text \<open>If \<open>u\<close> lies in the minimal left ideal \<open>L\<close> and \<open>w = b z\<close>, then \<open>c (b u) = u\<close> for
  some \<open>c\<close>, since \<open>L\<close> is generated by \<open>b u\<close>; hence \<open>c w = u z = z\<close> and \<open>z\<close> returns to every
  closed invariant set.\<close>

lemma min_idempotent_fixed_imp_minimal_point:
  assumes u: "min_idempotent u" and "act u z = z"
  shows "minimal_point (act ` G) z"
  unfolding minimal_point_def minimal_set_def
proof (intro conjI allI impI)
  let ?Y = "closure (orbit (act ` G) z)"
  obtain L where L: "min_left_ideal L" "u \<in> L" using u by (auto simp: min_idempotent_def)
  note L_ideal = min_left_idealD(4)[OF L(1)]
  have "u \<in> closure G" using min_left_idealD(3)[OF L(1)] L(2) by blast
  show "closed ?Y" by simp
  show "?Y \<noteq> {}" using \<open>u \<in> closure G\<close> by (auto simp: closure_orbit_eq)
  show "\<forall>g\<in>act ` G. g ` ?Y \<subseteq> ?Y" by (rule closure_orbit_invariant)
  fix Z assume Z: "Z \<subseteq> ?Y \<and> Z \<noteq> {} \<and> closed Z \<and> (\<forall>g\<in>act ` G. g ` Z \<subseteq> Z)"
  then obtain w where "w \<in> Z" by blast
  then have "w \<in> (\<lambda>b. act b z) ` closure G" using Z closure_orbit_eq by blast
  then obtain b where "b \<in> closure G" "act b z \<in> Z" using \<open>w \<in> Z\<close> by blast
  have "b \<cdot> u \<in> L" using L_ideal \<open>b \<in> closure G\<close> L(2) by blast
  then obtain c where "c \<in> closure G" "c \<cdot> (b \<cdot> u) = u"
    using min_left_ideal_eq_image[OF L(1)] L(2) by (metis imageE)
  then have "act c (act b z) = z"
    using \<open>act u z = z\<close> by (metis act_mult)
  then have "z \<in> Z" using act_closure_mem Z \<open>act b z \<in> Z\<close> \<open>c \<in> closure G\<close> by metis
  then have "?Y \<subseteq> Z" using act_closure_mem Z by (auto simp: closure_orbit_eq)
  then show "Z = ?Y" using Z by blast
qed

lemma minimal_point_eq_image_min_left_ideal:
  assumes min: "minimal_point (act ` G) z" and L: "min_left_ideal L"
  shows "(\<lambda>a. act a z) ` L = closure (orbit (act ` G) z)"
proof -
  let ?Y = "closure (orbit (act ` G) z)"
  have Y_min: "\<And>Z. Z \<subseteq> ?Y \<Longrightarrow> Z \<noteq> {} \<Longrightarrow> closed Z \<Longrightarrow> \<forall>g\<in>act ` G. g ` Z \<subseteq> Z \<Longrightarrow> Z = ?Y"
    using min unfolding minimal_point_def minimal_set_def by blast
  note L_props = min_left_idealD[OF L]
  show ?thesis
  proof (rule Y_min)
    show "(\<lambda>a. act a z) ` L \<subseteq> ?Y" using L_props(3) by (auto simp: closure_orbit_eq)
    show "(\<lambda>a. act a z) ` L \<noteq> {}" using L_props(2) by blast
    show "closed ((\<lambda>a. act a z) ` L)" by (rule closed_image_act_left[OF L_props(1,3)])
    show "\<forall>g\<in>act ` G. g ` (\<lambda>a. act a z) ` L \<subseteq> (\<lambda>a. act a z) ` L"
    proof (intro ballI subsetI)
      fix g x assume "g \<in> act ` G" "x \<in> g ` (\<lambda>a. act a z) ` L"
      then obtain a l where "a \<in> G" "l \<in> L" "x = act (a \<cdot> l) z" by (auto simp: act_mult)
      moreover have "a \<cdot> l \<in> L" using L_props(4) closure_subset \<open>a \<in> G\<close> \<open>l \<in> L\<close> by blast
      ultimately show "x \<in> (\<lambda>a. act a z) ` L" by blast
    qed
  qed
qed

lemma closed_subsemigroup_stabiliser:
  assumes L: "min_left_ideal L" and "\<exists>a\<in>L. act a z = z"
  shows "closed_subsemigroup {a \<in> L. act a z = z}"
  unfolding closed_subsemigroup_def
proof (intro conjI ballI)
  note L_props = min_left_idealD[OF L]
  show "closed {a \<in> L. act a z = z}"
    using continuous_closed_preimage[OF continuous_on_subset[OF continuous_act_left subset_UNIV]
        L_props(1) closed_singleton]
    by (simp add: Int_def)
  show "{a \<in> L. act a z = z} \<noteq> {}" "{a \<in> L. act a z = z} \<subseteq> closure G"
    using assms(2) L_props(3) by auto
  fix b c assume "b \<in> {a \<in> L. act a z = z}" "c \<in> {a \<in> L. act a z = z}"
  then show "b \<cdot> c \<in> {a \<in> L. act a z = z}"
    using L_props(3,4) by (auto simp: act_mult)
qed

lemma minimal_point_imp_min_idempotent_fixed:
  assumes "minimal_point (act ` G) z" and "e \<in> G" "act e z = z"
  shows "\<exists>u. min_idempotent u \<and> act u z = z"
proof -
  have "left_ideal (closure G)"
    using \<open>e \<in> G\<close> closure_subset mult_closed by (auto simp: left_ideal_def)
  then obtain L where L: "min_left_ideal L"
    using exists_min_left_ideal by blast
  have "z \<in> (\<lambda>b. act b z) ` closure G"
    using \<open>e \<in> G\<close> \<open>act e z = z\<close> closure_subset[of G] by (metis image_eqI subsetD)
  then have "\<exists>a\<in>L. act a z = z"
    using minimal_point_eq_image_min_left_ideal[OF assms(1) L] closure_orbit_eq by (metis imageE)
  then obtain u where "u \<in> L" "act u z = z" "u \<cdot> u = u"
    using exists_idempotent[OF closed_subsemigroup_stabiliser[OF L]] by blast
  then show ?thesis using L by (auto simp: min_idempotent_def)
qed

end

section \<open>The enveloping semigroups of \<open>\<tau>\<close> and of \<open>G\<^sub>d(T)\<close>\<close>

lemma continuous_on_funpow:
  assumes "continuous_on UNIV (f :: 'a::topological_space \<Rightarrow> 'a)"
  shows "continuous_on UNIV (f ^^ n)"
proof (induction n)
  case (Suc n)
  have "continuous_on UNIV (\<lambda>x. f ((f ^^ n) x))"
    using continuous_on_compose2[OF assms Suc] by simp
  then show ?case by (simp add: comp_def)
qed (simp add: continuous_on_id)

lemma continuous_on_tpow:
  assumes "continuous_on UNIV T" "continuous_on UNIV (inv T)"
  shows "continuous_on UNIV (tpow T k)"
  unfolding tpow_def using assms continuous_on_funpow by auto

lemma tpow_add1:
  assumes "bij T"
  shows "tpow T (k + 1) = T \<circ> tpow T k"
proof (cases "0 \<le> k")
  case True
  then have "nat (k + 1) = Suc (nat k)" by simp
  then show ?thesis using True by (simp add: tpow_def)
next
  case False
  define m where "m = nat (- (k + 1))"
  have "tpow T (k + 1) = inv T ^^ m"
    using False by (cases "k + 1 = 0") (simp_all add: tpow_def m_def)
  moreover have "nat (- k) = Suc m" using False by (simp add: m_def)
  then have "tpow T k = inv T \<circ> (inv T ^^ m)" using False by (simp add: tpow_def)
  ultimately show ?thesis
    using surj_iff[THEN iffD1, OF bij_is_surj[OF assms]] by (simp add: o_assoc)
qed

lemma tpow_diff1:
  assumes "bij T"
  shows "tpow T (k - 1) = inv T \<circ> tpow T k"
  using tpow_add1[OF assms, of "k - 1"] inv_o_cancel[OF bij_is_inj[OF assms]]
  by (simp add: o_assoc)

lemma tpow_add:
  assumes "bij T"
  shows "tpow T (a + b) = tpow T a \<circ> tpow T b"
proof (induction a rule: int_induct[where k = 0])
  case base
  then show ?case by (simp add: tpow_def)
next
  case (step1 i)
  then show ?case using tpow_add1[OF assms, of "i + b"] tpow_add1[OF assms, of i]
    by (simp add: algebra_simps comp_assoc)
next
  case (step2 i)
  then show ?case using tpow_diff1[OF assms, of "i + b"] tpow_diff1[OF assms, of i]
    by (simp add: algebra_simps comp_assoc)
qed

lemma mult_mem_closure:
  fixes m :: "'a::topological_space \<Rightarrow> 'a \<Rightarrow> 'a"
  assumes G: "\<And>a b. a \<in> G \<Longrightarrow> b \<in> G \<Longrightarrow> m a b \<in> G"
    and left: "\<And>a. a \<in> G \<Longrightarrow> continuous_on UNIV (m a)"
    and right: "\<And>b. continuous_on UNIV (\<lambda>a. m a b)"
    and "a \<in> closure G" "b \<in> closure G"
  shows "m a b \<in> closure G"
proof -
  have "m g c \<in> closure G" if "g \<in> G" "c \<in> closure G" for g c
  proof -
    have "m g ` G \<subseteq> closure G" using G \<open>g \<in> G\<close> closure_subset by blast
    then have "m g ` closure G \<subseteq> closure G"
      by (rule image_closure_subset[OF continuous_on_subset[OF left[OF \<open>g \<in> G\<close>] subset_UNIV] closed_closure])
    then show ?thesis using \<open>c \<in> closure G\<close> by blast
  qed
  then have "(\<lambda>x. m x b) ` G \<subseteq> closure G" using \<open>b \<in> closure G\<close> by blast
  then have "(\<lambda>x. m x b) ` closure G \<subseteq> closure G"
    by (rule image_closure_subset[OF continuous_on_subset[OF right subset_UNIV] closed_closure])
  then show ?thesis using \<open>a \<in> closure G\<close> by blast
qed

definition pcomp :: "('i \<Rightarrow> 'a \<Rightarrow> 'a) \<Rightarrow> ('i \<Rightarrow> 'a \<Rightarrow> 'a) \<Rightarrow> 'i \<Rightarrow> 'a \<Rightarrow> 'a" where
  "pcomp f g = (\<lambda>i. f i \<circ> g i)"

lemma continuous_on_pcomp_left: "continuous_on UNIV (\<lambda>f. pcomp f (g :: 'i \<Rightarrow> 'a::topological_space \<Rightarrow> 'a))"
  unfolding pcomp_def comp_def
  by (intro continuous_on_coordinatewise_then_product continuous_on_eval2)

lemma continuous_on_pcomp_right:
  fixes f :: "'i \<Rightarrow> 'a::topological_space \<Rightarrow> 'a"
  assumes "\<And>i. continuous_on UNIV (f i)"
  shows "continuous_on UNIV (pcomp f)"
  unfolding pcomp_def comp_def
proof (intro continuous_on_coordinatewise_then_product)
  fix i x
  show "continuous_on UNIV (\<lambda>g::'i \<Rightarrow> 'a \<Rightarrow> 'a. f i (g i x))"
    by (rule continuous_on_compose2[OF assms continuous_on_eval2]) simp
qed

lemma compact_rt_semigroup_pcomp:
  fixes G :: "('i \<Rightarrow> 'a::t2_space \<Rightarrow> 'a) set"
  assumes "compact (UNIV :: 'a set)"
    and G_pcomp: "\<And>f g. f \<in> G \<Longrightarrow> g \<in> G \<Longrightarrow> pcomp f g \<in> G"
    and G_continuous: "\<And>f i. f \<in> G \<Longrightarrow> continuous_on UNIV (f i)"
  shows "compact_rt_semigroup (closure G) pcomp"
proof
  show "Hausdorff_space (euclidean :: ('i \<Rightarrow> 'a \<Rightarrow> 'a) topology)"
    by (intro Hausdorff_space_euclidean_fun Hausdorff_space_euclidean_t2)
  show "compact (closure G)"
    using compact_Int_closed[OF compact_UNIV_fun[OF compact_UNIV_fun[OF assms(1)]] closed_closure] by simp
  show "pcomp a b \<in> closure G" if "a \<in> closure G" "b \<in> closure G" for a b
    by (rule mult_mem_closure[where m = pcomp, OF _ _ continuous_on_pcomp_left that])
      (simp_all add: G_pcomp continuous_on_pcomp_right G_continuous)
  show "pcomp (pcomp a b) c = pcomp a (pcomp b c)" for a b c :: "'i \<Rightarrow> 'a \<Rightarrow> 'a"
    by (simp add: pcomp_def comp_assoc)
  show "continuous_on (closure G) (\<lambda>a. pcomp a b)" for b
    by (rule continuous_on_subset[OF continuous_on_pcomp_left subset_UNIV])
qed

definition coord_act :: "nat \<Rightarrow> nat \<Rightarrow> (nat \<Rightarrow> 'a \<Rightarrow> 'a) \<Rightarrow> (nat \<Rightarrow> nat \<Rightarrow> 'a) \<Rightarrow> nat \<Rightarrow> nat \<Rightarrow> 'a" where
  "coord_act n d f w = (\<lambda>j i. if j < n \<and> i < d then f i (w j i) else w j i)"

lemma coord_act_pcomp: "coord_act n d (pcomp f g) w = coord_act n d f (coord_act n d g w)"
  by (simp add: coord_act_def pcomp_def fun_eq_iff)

-------------------------

- **TO DO**
From the records above, extract exactly and only the lines that begin at the line with "u by (auto simp: min_idempotent_def)" and stop after the line with "L_props(3) by (auto simp: closure_orbit_eq)".

- **SOLUTION TO THIS PROBLEM**
  obtain L where L: "min_left_ideal L" "u \<in> L" using u by (auto simp: min_idempotent_def)
  note L_ideal = min_left_idealD(4)[OF L(1)]
  have "u \<in> closure G" using min_left_idealD(3)[OF L(1)] L(2) by blast
  show "closed ?Y" by simp
  show "?Y \<noteq> {}" using \<open>u \<in> closure G\<close> by (auto simp: closure_orbit_eq)
  show "\<forall>g\<in>act ` G. g ` ?Y \<subseteq> ?Y" by (rule closure_orbit_invariant)
  fix Z assume Z: "Z \<subseteq> ?Y \<and> Z \<noteq> {} \<and> closed Z \<and> (\<forall>g\<in>act ` G. g ` Z \<subseteq> Z)"
  then obtain w where "w \<in> Z" by blast
  then have "w \<in> (\<lambda>b. act b z) ` closure G" using Z closure_orbit_eq by blast
  then obtain b where "b \<in> closure G" "act b z \<in> Z" using \<open>w \<in> Z\<close> by blast
  have "b \<cdot> u \<in> L" using L_ideal \<open>b \<in> closure G\<close> L(2) by blast
  then obtain c where "c \<in> closure G" "c \<cdot> (b \<cdot> u) = u"
    using min_left_ideal_eq_image[OF L(1)] L(2) by (metis imageE)
  then have "act c (act b z) = z"
    using \<open>act u z = z\<close> by (metis act_mult)
  then have "z \<in> Z" using act_closure_mem Z \<open>act b z \<in> Z\<close> \<open>c \<in> closure G\<close> by metis
  then have "?Y \<subseteq> Z" using act_closure_mem Z by (auto simp: closure_orbit_eq)
  then show "Z = ?Y" using Z by blast
qed

lemma minimal_point_eq_image_min_left_ideal:
  assumes min: "minimal_point (act ` G) z" and L: "min_left_ideal L"
  shows "(\<lambda>a. act a z) ` L = closure (orbit (act ` G) z)"
proof -
  let ?Y = "closure (orbit (act ` G) z)"
  have Y_min: "\<And>Z. Z \<subseteq> ?Y \<Longrightarrow> Z \<noteq> {} \<Longrightarrow> closed Z \<Longrightarrow> \<forall>g\<in>act ` G. g ` Z \<subseteq> Z \<Longrightarrow> Z = ?Y"
    using min unfolding minimal_point_def minimal_set_def by blast
  note L_props = min_left_idealD[OF L]
  show ?thesis
  proof (rule Y_min)
    show "(\<lambda>a. act a z) ` L \<subseteq> ?Y" using L_props(3) by (auto simp: closure_orbit_eq)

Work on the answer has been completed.